The Province of Silesia (German: Provinz Schlesien; Polish: Prowincja Śląska; Silesian: Prowincyjŏ Ślōnskŏ) was a province of Prussia from 1815 to 1919. The Silesia region was part of the Prussian realm since 1742 and established as an official province in 1815, then became part of the German Empire in 1871. In 1919, as part of the Free State of Prussia within Weimar Germany, Silesia was divided into the provinces of Upper Silesia and Lower Silesia. Silesia was reunified briefly from 1 April 1938 to 27 January 1941 as a province of Nazi Germany before being divided back into Upper Silesia and Lower Silesia.

Breslau (present-day Wrocław, Poland) was the provincial capital.

The territory on both sides of the Oder river formed the southeastern part of the Prussian kingdom. It comprised the bulk of the former Bohemian crown land of Upper and Lower Silesia as well as the adjacent County of Kladsko, which the Prussian King Frederick the Great had all conquered from the Austrian Habsburg monarchy under Empress Maria Theresa in the 18th century Silesian Wars. It included the northeastern part of Upper Lusatia around Görlitz and Lauban (Lubań), ceded to Prussia by the Kingdom of Saxony according to the resolutions of the Congress of Vienna in 1815.
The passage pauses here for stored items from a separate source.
definition refine :: "(int \<Rightarrow> real) \<Rightarrow> (int \<Rightarrow> real) \<Rightarrow> (int \<Rightarrow> real) \<Rightarrow> int \<Rightarrow> real" where
  "refine \<alpha> \<beta> s = (\<lambda>m. let i = m div 2 in
      if even m then (1 - \<alpha> i) * s i + \<alpha> i * s (i + 1)
      else (1 - \<beta> i) * s i + \<beta> i * s (i + 1))"

definition C0_net :: "(int \<Rightarrow> real) \<Rightarrow> (int \<Rightarrow> real) \<Rightarrow> (real \<times> real \<Rightarrow> 'a::topological_space) \<Rightarrow> bool" where
  "C0_net s t N \<longleftrightarrow> (\<forall>j. continuous_on UNIV (\<lambda>x. N (x, t j))) \<and>
                     (\<forall>i. continuous_on UNIV (\<lambda>y. N (s i, y)))"

definition mdd :: "(real \<times> real \<Rightarrow> 'a::real_vector) \<Rightarrow> real \<Rightarrow> real \<Rightarrow> real \<Rightarrow> real \<Rightarrow> 'a" where
  "mdd N \<sigma>1 \<sigma>2 \<tau>1 \<tau>2 = (1 / ((\<sigma>1 - \<sigma>2) * (\<tau>1 - \<tau>2))) *\<^sub>R
      (N (\<sigma>1, \<tau>1) + N (\<sigma>2, \<tau>2) - N (\<sigma>2, \<tau>1) - N (\<sigma>1, \<tau>2))"

definition BMSDD :: "(int \<Rightarrow> real) \<Rightarrow> (int \<Rightarrow> real) \<Rightarrow> (real \<times> real \<Rightarrow> 'a::euclidean_space) \<Rightarrow> real \<Rightarrow> bool" where
  "BMSDD s t N L \<longleftrightarrow> (\<forall>\<sigma>1 \<sigma>2 \<tau>1 \<tau>2. \<sigma>1 \<noteq> \<sigma>2 \<longrightarrow> \<tau>1 \<noteq> \<tau>2 \<longrightarrow>
      (\<sigma>1, \<tau>1) \<in> grid s t \<longrightarrow> (\<sigma>1, \<tau>2) \<in> grid s t \<longrightarrow>
      (\<sigma>2, \<tau>1) \<in> grid s t \<longrightarrow> (\<sigma>2, \<tau>2) \<in> grid s t \<longrightarrow>
      infnorm (mdd N \<sigma>1 \<sigma>2 \<tau>1 \<tau>2) \<le> L)"

end

theory Submission
  imports Defs
begin

text \<open>The Coons patch is the Boolean sum \<open>P\<^sub>s + P\<^sub>t - P\<^sub>s P\<^sub>t\<close> of the
  piecewise linear interpolants along the vertical lines \<open>s\<^sub>i\<close> and along the horizontal
  lines \<open>t\<^sub>j\<close>. The numerator of a mixed divided difference of \<open>P\<^sub>s N\<close> is a
  difference of values of one piecewise linear interpolant, namely of the differences
  \<open>N(s\<^sub>i, \<tau>\<^sub>1) - N(s\<^sub>i, \<tau>\<^sub>2)\<close>, whose slopes are mixed divided differences of \<open>N\<close>
  on the grid. Piecewise linear interpolation does not increase Lipschitz constants, so each
  of the three terms, and each component, has mixed divided differences bounded by \<open>L\<close>, and
  the patch by \<open>3 L\<close>. The refined net is the restriction of the patch, so induction gives
  \<open>3\<^sup>k L\<close>; the refined lines again form a grid because the weights are in W.\<close>

definition grid_lines :: "(int \<Rightarrow> real) \<Rightarrow> bool" where
  "grid_lines s \<longleftrightarrow> strict_mono s \<and> (\<forall>x. \<exists>i. x < s i) \<and> (\<forall>x. \<exists>i. s i < x)"

lemma strict_mono_intI:
  fixes f :: "int \<Rightarrow> 'a::order"
  assumes "\<And>i. f i < f (i + 1)"
  shows "strict_mono f"
proof (rule strict_monoI)
  fix i j :: int
  assume "i < j"
  then show "f i < f j"
    by (induction j rule: int_gr_induct) (use assms order.strict_trans in blast)+
qed

lemma grid_lines_of_int: "grid_lines real_of_int"
  unfolding grid_lines_def
proof (intro conjI allI)
  show "strict_mono real_of_int"
    by (rule strict_mono_intI) simp
  fix x :: real
  show "\<exists>i. x < real_of_int i"
    by (rule exI[of _ "\<lceil>x\<rceil> + 1"]) linarith
  show "\<exists>i. real_of_int i < x"
    by (rule exI[of _ "\<lfloor>x\<rfloor> - 1"]) linarith
qed

lemma grid_lines_gap: "grid_lines s \<Longrightarrow> 0 < s (i + 1) - s i"
  by (simp add: grid_lines_def strict_mono_less)

lemma refine_even: "refine \<alpha> \<beta> s (2 * i) = s i + \<alpha> i * (s (i + 1) - s i)"
  by (simp add: refine_def algebra_simps)

lemma refine_odd: "refine \<alpha> \<beta> s (2 * i + 1) = s i + \<beta> i * (s (i + 1) - s i)"
  by (simp add: refine_def algebra_simps)

lemma grid_lines_refine:
  assumes W: "weightW \<alpha> \<beta>" and s: "grid_lines s"
  shows "grid_lines (refine \<alpha> \<beta> s)"
proof -
  let ?r = "refine \<alpha> \<beta> s"
  obtain \<delta> where "\<delta> > 0" and \<delta>: "\<And>i. \<delta> \<le> \<alpha> i \<and> \<delta> \<le> 1 - \<beta> i \<and> \<delta> \<le> \<beta> i - \<alpha> i"
    using W unfolding weightW_def by blast
  then have weights: "0 < \<alpha> i" "\<alpha> i < \<beta> i" "\<beta> i < 1" for i
    using \<delta>[of i] by linarith+
  have lower: "s i < ?r (2 * i)" and middle: "?r (2 * i) < ?r (2 * i + 1)"
    and upper: "?r (2 * i + 1) < s (i + 1)" for i
  proof -
    have "0 < \<alpha> i * (s (i + 1) - s i)" "0 < (\<beta> i - \<alpha> i) * (s (i + 1) - s i)"
      "0 < (1 - \<beta> i) * (s (i + 1) - s i)"
      using weights[of i] grid_lines_gap[OF s, of i] by simp_all
    then show "s i < ?r (2 * i)" "?r (2 * i) < ?r (2 * i + 1)" "?r (2 * i + 1) < s (i + 1)"
      unfolding refine_even refine_odd by (simp_all add: algebra_simps)
  qed
  have "?r m < ?r (m + 1)" for m
  proof (cases "even m")
    case True
    then obtain i where "m = 2 * i" by blast
    then show ?thesis using middle[of i] by simp
  next
    case False
    then obtain i where m: "m = 2 * i + 1" using oddE by blast
    then have "m + 1 = 2 * (i + 1)" by simp
    then show ?thesis using m upper[of i] lower[of "i + 1"] by (metis less_trans)
  qed
  then have "strict_mono ?r" by (rule strict_mono_intI)
  moreover have "\<exists>m. x < ?r m" for x
    using s lower unfolding grid_lines_def by (meson less_trans)
  moreover have "\<exists>m. ?r m < x" for x
  proof -
    obtain j where "s j < x" using s unfolding grid_lines_def by blast
    then show ?thesis using upper[of "j - 1"] by (metis diff_add_cancel less_trans)
  qed
  ultimately show ?thesis unfolding grid_lines_def by blast
qed

lemma cell_unique:
  assumes "grid_lines s" "s i \<le> x" "x < s (i + 1)" "s k \<le> x" "x < s (k + 1)"
  shows "k = i"
proof -
  have "s k < s (i + 1)" "s i < s (k + 1)"
    using assms by linarith+
  then show "k = i"
    using assms(1) by (simp add: grid_lines_def strict_mono_less)
qed

lemma cell_idx_eqI:
  assumes "grid_lines s" "s i \<le> x" "x < s (i + 1)"
  shows "cell_idx s x = i"
  unfolding cell_idx_def using assms cell_unique by blast

lemma cell_exists:
  assumes "grid_lines s"
  obtains i where "s i \<le> x" "x < s (i + 1)"
proof -
  have mono: "strict_mono s" using assms unfolding grid_lines_def by blast
  obtain i0 j where "s i0 < x" "x < s j" using assms unfolding grid_lines_def by blast
  define I where "I = {i0..j} \<inter> {i. s i \<le> x}"
  have "finite I" "i0 \<in> I"
    using \<open>s i0 < x\<close> \<open>x < s j\<close> strict_mono_less[OF mono, of i0 j] by (auto simp: I_def)
  define i where "i = Max I"
  have "i \<in> I" unfolding i_def using Max_in[OF \<open>finite I\<close>] \<open>i0 \<in> I\<close> by blast
  then have "s i \<le> x" "i0 \<le> i" by (simp_all add: I_def)
  then have "i < j" using \<open>x < s j\<close> strict_mono_less[OF mono, of i j] by linarith
  have "x < s (i + 1)"
  proof (rule ccontr)
    assume "\<not> x < s (i + 1)"
    then have "i + 1 \<in> I" using \<open>i0 \<le> i\<close> \<open>i < j\<close> by (simp add: I_def)
    then show False using \<open>finite I\<close> Max_ge[of I "i + 1"] by (simp add: i_def)
  qed
  then show thesis using that \<open>s i \<le> x\<close> by blast
qed

lemma cell_idx_bounds:
  assumes "grid_lines s"
  shows "s (cell_idx s x) \<le> x" "x < s (cell_idx s x + 1)"
  using cell_exists[OF assms, of x] cell_idx_eqI[OF assms] by metis+

lemma cell_idx_mono:
  assumes "grid_lines s" "x \<le> y"
  shows "cell_idx s x \<le> cell_idx s y"
proof -
  have "s (cell_idx s x) < s (cell_idx s y + 1)"
    using cell_idx_bounds[OF assms(1)] assms(2) by (meson le_less_trans order_trans)
  then show ?thesis
    using assms(1) by (simp add: grid_lines_def strict_mono_less)
qed

definition pl_interp :: "(int \<Rightarrow> real) \<Rightarrow> (int \<Rightarrow> real) \<Rightarrow> real \<Rightarrow> real" where
  "pl_interp s g x = (let i = cell_idx s x; h = s (i + 1) - s i in
     (s (i + 1) - x) / h * g i + (x - s i) / h * g (i + 1))"

lemma pl_interp_diff: "pl_interp s (\<lambda>i. f i - g i) x = pl_interp s f x - pl_interp s g x"
  by (simp add: pl_interp_def Let_def right_diff_distrib)

lemma pl_interp_on_cell:
  assumes "grid_lines s" "s i \<le> x" "x \<le> s (i + 1)"
  shows "pl_interp s g x = g i + (x - s i) / (s (i + 1) - s i) * (g (i + 1) - g i)"
proof (cases "x = s (i + 1)")
  case True
  have "s i < s (i + 1)" "s (i + 1) < s (i + 1 + 1)"
    using grid_lines_gap[OF assms(1), of i] grid_lines_gap[OF assms(1), of "i + 1"] by simp_all
  moreover from this have "cell_idx s x = i + 1"
    using True cell_idx_eqI[OF assms(1)] by simp
  ultimately show ?thesis using True by (simp add: pl_interp_def Let_def)
next
  case False
  define a where "a = (x - s i) / (s (i + 1) - s i)"
  have "cell_idx s x = i" using False cell_idx_eqI[OF assms(1,2)] assms(3) by simp
  then have "pl_interp s g x = (s (i + 1) - x) / (s (i + 1) - s i) * g i + a * g (i + 1)"
    by (simp add: pl_interp_def Let_def a_def)
  moreover have "(s (i + 1) - x) / (s (i + 1) - s i) = 1 - a"
    using grid_lines_gap[OF assms(1), of i] by (simp add: a_def diff_divide_eq_iff)
  ultimately have "pl_interp s g x = (1 - a) * g i + a * g (i + 1)"
    by (simp only:)
  then show ?thesis unfolding a_def[symmetric] by (simp add: algebra_simps)
qed

lemma lipschitz_pl_interp:
  assumes s: "grid_lines s" and slope: "\<And>i. \<bar>g (i + 1) - g i\<bar> \<le> K * (s (i + 1) - s i)"
  shows "K-lipschitz_on UNIV (pl_interp s g)"
proof -
  note gap = grid_lines_gap[OF s]
  have "0 \<le> K"
    using slope[of 0] gap[of 0] by (meson abs_ge_zero order_trans zero_le_mult_iff not_less)
  have on_cell: "K-lipschitz_on {s i..s (i + 1)} (pl_interp s g)" for i
  proof (rule lipschitz_onI)
    fix x y assume "x \<in> {s i..s (i + 1)}" "y \<in> {s i..s (i + 1)}"
    then have "pl_interp s g x - pl_interp s g y = (x - y) * ((g (i + 1) - g i) / (s (i + 1) - s i))"
      using pl_interp_on_cell[OF s, of i x g] pl_interp_on_cell[OF s, of i y g]
      by (simp add: diff_divide_distrib algebra_simps)
    then have "dist (pl_interp s g x) (pl_interp s g y)
        = \<bar>x - y\<bar> * (\<bar>g (i + 1) - g i\<bar> / (s (i + 1) - s i))"
      using gap[of i] by (simp add: dist_real_def abs_mult)
    also have "\<dots> \<le> \<bar>x - y\<bar> * K"
      using gap[of i] slope[of i] by (intro mult_left_mono) (simp_all add: divide_le_eq)
    finally show "dist (pl_interp s g x) (pl_interp s g y) \<le> K * dist x y"
      by (simp add: dist_real_def mult.commute)
  qed fact
  show ?thesis
  proof (rule lipschitz_onI)
    fix x y :: real
    let ?u = "min x y" and ?v = "max x y"
    have "{?u..?v} \<subseteq> (\<Union>i\<in>{cell_idx s ?u..cell_idx s ?v}. {s i..s (i + 1)})"
    proof
      fix z assume "z \<in> {?u..?v}"
      then show "z \<in> (\<Union>i\<in>{cell_idx s ?u..cell_idx s ?v}. {s i..s (i + 1)})"
        using cell_idx_mono[OF s] cell_idx_bounds[OF s, of z] by (intro UN_I[of "cell_idx s z"]) auto
    qed
    then have "K-lipschitz_on {?u..?v} (pl_interp s g)"
      by (intro lipschitz_on_closed_Union[OF on_cell]) (simp_all add: \<open>0 \<le> K\<close>)
    then show "dist (pl_interp s g x) (pl_interp s g y) \<le> K * dist x y"
      by (rule lipschitz_onD) auto
  qed fact
qed

definition mixed_diff :: "('a \<times> 'b \<Rightarrow> 'c::ab_group_add) \<Rightarrow> 'a \<Rightarrow> 'a \<Rightarrow> 'b \<Rightarrow> 'b \<Rightarrow> 'c" where
  "mixed_diff N \<sigma>1 \<sigma>2 \<tau>1 \<tau>2 = N (\<sigma>1, \<tau>1) + N (\<sigma>2, \<tau>2) - N (\<sigma>2, \<tau>1) - N (\<sigma>1, \<tau>2)"

lemma abs_mdd_le_iff:
  fixes M :: "real \<times> real \<Rightarrow> real"
  assumes "\<sigma>1 \<noteq> \<sigma>2" "\<tau>1 \<noteq> \<tau>2"
  shows "\<bar>mdd M \<sigma>1 \<sigma>2 \<tau>1 \<tau>2\<bar> \<le> L \<longleftrightarrow>
    \<bar>mixed_diff M \<sigma>1 \<sigma>2 \<tau>1 \<tau>2\<bar> \<le> L * \<bar>\<sigma>1 - \<sigma>2\<bar> * \<bar>\<tau>1 - \<tau>2\<bar>"
proof -
  have "\<bar>mdd M \<sigma>1 \<sigma>2 \<tau>1 \<tau>2\<bar> = \<bar>mixed_diff M \<sigma>1 \<sigma>2 \<tau>1 \<tau>2\<bar> / (\<bar>\<sigma>1 - \<sigma>2\<bar> * \<bar>\<tau>1 - \<tau>2\<bar>)"
    by (simp add: mdd_def mixed_diff_def abs_mult)
  moreover have "0 < \<bar>\<sigma>1 - \<sigma>2\<bar> * \<bar>\<tau>1 - \<tau>2\<bar>"
    using assms by simp
  ultimately show ?thesis
    by (simp add: pos_divide_le_eq mult_ac)
qed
The province bordered on the Prussian heartland of Brandenburg (including the newly acquired lands of Lower Lusatia) in the northwest, and on the Grand Duchy of Posen (Province of Posen from 1848) in the north, i.e. the Greater Polish lands that before the 18th century Partitions of Poland had belonged to the Polish–Lithuanian Commonwealth.
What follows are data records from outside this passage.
definition cyclic_form ::
  "('e \<Rightarrow> 'e \<Rightarrow> 'r::comm_ring_1) \<Rightarrow> ('e \<Rightarrow> 'e \<Rightarrow> 'e) \<Rightarrow> 'e \<Rightarrow> 'e \<Rightarrow> 'e \<Rightarrow> 'r" where
  "cyclic_form ip A u v w = ip (A u v) w + ip (A v w) u + ip (A w u) v"

text \<open>Clifford action of a 3-form phi, identified with
  (1/6) sum phi(e_i,e_j,e_k) e~_i e~_j e~_k in wedge^3 E in Cl(E).\<close>
definition cl3 ::
  "('r::{comm_ring_1,real_algebra_1} \<Rightarrow> 's::ab_group_add \<Rightarrow> 's) \<Rightarrow> ('e \<Rightarrow> 's \<Rightarrow> 's) \<Rightarrow> 'i set
   \<Rightarrow> ('i \<Rightarrow> 'e) \<Rightarrow> ('i \<Rightarrow> 'e) \<Rightarrow> ('e \<Rightarrow> 'e \<Rightarrow> 'e \<Rightarrow> 'r) \<Rightarrow> 's \<Rightarrow> 's" where
  "cl3 smS gam I fr dfr phi s = smS (of_real (1/6))
     (\<Sum>i\<in>I. \<Sum>j\<in>I. \<Sum>k\<in>I.
        smS (phi (fr i) (fr j) (fr k)) (gam (dfr i) (gam (dfr j) (gam (dfr k) s))))"

text \<open>Clifford action of a skew endomorphism B in so(E) = wedge^2 E, using
  (e1 wedge e2)(e3) = <e1,e3> e2 - <e2,e3> e1: B = (1/2) sum_i e~_i wedge B e_i,
  and e1 wedge e2 corresponds to (1/2)(e1 e2 - e2 e1) in Cl(E).\<close>
definition cl2 ::
  "('r::{comm_ring_1,real_algebra_1} \<Rightarrow> 's::ab_group_add \<Rightarrow> 's) \<Rightarrow> ('e \<Rightarrow> 's \<Rightarrow> 's) \<Rightarrow> 'i set
   \<Rightarrow> ('i \<Rightarrow> 'e) \<Rightarrow> ('i \<Rightarrow> 'e) \<Rightarrow> ('e \<Rightarrow> 'e) \<Rightarrow> 's \<Rightarrow> 's" where
  "cl2 smS gam I fr dfr B s = smS (of_real (1/4))
     (\<Sum>i\<in>I. gam (dfr i) (gam (B (fr i)) s) - gam (B (fr i)) (gam (dfr i) s))"

definition dirac ::
  "('r::{comm_ring_1,real_algebra_1} \<Rightarrow> 's::ab_group_add \<Rightarrow> 's) \<Rightarrow> ('e \<Rightarrow> 's \<Rightarrow> 's) \<Rightarrow> 'i set
   \<Rightarrow> ('i \<Rightarrow> 'e) \<Rightarrow> ('i \<Rightarrow> 'e) \<Rightarrow> ('e \<Rightarrow> 's \<Rightarrow> 's) \<Rightarrow> 's \<Rightarrow> 's" where
  "dirac smS gam I fr dfr DS s = smS (of_real (1/2)) (\<Sum>i\<in>I. gam (dfr i) (DS (fr i) s))"

definition trace_A :: "'i set \<Rightarrow> ('i \<Rightarrow> 'e) \<Rightarrow> ('i \<Rightarrow> 'e) \<Rightarrow> ('e \<Rightarrow> 'e \<Rightarrow> 'e::ab_group_add) \<Rightarrow> 'e" where
  "trace_A I fr dfr A = (\<Sum>i\<in>I. A (fr i) (dfr i))"

end

theory Submission
  imports Defs
begin

text \<open>Everything follows from the Clifford relation \<open>x y + y x = 2 <x,y>\<close>, the
expansion of vectors in the frame \<open>e\<^sub>i\<close> and its dual \<open>e~\<^sub>i\<close>, and the vanishing of
the trace of a skew endomorphism.  For skew \<open>B\<close> the Clifford element \<open>cl2 B\<close>
satisfies \<open>[cl2 B, \<gamma>\<^sub>a] = -2 \<gamma>\<^bsub>B a\<^esub>\<close>, which gives (ii).  For (iii) put
\<open>X = \<Sum>\<^sub>i\<^sub>j e~\<^sub>i e~\<^sub>j (A\<^bsub>e_i\<^esub> e\<^sub>j)\<close>.  Moving \<open>e~\<^sub>j\<close> across \<open>A\<^bsub>e_i\<^esub> e\<^sub>j\<close> only
produces a trace, so \<open>\<Sum>\<^sub>i e~\<^sub>i cl2 (A\<^bsub>e_i\<^esub>) = X/2\<close>; in the same way the three
cyclic terms of \<open>6 \<gamma>\<^sub>\<alpha>\<close> turn out to be \<open>X\<close>, \<open>X - 2 \<gamma>\<^bsub>v_A\<^esub>\<close> and \<open>X - 4 \<gamma>\<^bsub>v_A\<^esub>\<close>.
(i) is a direct computation and (iv) combines (i) with (iii).\<close>

lemma of_real_half_add_half: "of_real (1/2) + of_real (1/2) = (1::'a::real_algebra_1)"
  by (simp add: of_real_add [symmetric])

lemma double_eq_0_imp_eq_0:
  fixes t :: "'a::real_algebra_1"
  assumes "t + t = 0"
  shows "t = 0"
proof -
  have "t = (of_real (1/2) + of_real (1/2)) * t" by (simp add: of_real_half_add_half)
  also have "\<dots> = of_real (1/2) * (t + t)" by (simp add: algebra_simps)
  finally show ?thesis using assms by simp
qed

lemma torsion_add_so_valued:
  assumes "scalar_product_ax smE ip" and "so_valued smE ip A"
  shows "torsion ip br (\<lambda>u v. D u v + A u v) u v w = torsion ip br D u v w + cyclic_form ip A u v w"
proof -
  have ip_add: "ip (x + y) z = ip x z + ip y z" "ip z (x + y) = ip z x + ip z y"
    and ip_sym: "ip x z = ip z x" for x y z
    using assms(1) unfolding scalar_product_ax_def by metis+
  have ip_diff: "ip (x - y) z = ip x z - ip y z" for x y z
    using ip_add(1) [of "x - y" y z] by simp
  have "ip (A v u) w = - ip (A v w) u"
    using assms(2) ip_sym [of u] unfolding so_valued_def by (metis add_eq_0_iff2)
  then show ?thesis
    unfolding torsion_def cyclic_form_def by (simp add: ip_add ip_diff ip_sym [of v "A w u"] algebra_simps)
qed

lemma cl3_add:
  assumes "module_ax smS"
  shows "cl3 smS gam I fr dfr (\<lambda>u v w. p u v w + q u v w) s
    = cl3 smS gam I fr dfr p s + cl3 smS gam I fr dfr q s"
  using assms unfolding cl3_def module_ax_def by (simp add: sum.distrib)

definition skew_endo ::
  "('r::comm_ring_1 \<Rightarrow> 'e::ab_group_add \<Rightarrow> 'e) \<Rightarrow> ('e \<Rightarrow> 'e \<Rightarrow> 'r) \<Rightarrow> ('e \<Rightarrow> 'e) \<Rightarrow> bool" where
  "skew_endo smE ip B \<longleftrightarrow>
     (\<forall>v1 v2. B (v1 + v2) = B v1 + B v2) \<and>
     (\<forall>f v. B (smE f v) = smE f (B v)) \<and>
     (\<forall>v w. ip (B v) w + ip v (B w) = 0)"

lemma so_valued_imp_skew_endo: "so_valued smE ip A \<Longrightarrow> skew_endo smE ip (A u)"
  unfolding so_valued_def skew_endo_def by blast

locale clifford_frame =
  fixes smE :: "'r::{comm_ring_1,real_algebra_1} \<Rightarrow> 'e::ab_group_add \<Rightarrow> 'e"
    and ip :: "'e \<Rightarrow> 'e \<Rightarrow> 'r"
    and smS :: "'r \<Rightarrow> 's::ab_group_add \<Rightarrow> 's"
    and gam :: "'e \<Rightarrow> 's \<Rightarrow> 's"
    and I :: "'i set" and fr dfr :: "'i \<Rightarrow> 'e"
  assumes scalar_product: "scalar_product_ax smE ip"
    and clifford: "clifford_module smE ip smS gam"
    and frame: "dual_system smE ip I fr dfr"
begin

lemma ip_sym: "ip u v = ip v u"
  and ip_add_left: "ip (u1 + u2) v = ip u1 v + ip u2 v"
  and ip_scale_left: "ip (smE f u) v = f * ip u v"
  and ip_nondegenerate: "(\<And>v. ip u v = 0) \<Longrightarrow> u = 0"
  using scalar_product unfolding scalar_product_ax_def by blast+

lemma ip_add_right: "ip v (u1 + u2) = ip v u1 + ip v u2"
  and ip_scale_right: "ip v (smE f u) = f * ip v u"
  using ip_add_left ip_scale_left ip_sym by metis+

lemma smS_add_right: "smS f (x + y) = smS f x + smS f y"
  and smS_add_left: "smS (f + g) x = smS f x + smS g x"
  and smS_mult: "smS (f * g) x = smS f (smS g x)"
  and smS_one: "smS 1 x = x"
  using clifford unfolding clifford_module_def module_ax_def by simp_all

lemma smS_commute: "smS f (smS g x) = smS g (smS f x)"
  by (metis smS_mult mult.commute)

lemma smS_of_real_add: "smS (of_real a) x + smS (of_real b) x = smS (of_real (a + b)) x"
  by (simp add: smS_add_left of_real_add)

lemma smS_half_double: "smS (of_real (1/2)) (x + x) = x"
  by (simp add: smS_add_right smS_of_real_add smS_one)

lemma gam_add_left: "gam (e1 + e2) s = gam e1 s + gam e2 s"
  and gam_add_right: "gam e (s1 + s2) = gam e s1 + gam e s2"
  and gam_scale_left: "gam (smE f e) s = smS f (gam e s)"
  and gam_scale_right: "gam e (smS f s) = smS f (gam e s)"
  and gam_square: "gam e (gam e s) = smS (ip e e) s"
  using clifford unfolding clifford_module_def by blast+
In the northeast, Upper Silesia bordered on Congress Poland, i.e. the Kingdom of Poland which had been reconstituted from the Duchy of Warsaw and was made up of former parts of the Prussian and Austrian partitions. Congress Poland was in a personal union with the Russian Empire until 1867 when it was formally integrated as the Vistula Land.

In the east lay the Austrian share, the Lesser Polish Kingdom of Galicia and Lodomeria with the Free City of Kraków until 1846, and in the south the remaining Bohemian crown lands of Austrian Silesia, Moravia and Bohemia proper. The incorporated Upper Lusatian strip of land in the west touched the remaining territory of the Saxon kingdom and in the furthest west the Prussian Province of Saxony.

The coronation of Maria Theresa as queen regnant of the Kingdom of Bohemia immediately triggered an invasion of the region of Silesia by King Frederick the Great of Prussia, thereby starting the War of the Austrian Succession (1740–1748). By the end of the First Silesian War in 1742, the Prussian forces had conquered almost all of the Habsburg crown land in Silesia. The conquest marked the beginning of the era of Prussian Silesia.

According to the peace treaties of Breslau and Berlin, only some smaller parts in the extreme southeast, like the Duchy of Cieszyn as well as the southern parts of the duchies of Troppau and Nysa, remained possessions of the Habsburg monarchy as Austrian Silesia. Attempts by Maria Theresa to regain the crown land in the Second Silesian War (1744–1745) failed and she ultimately had to relinquish her claims over Silesia by the Treaty of Dresden.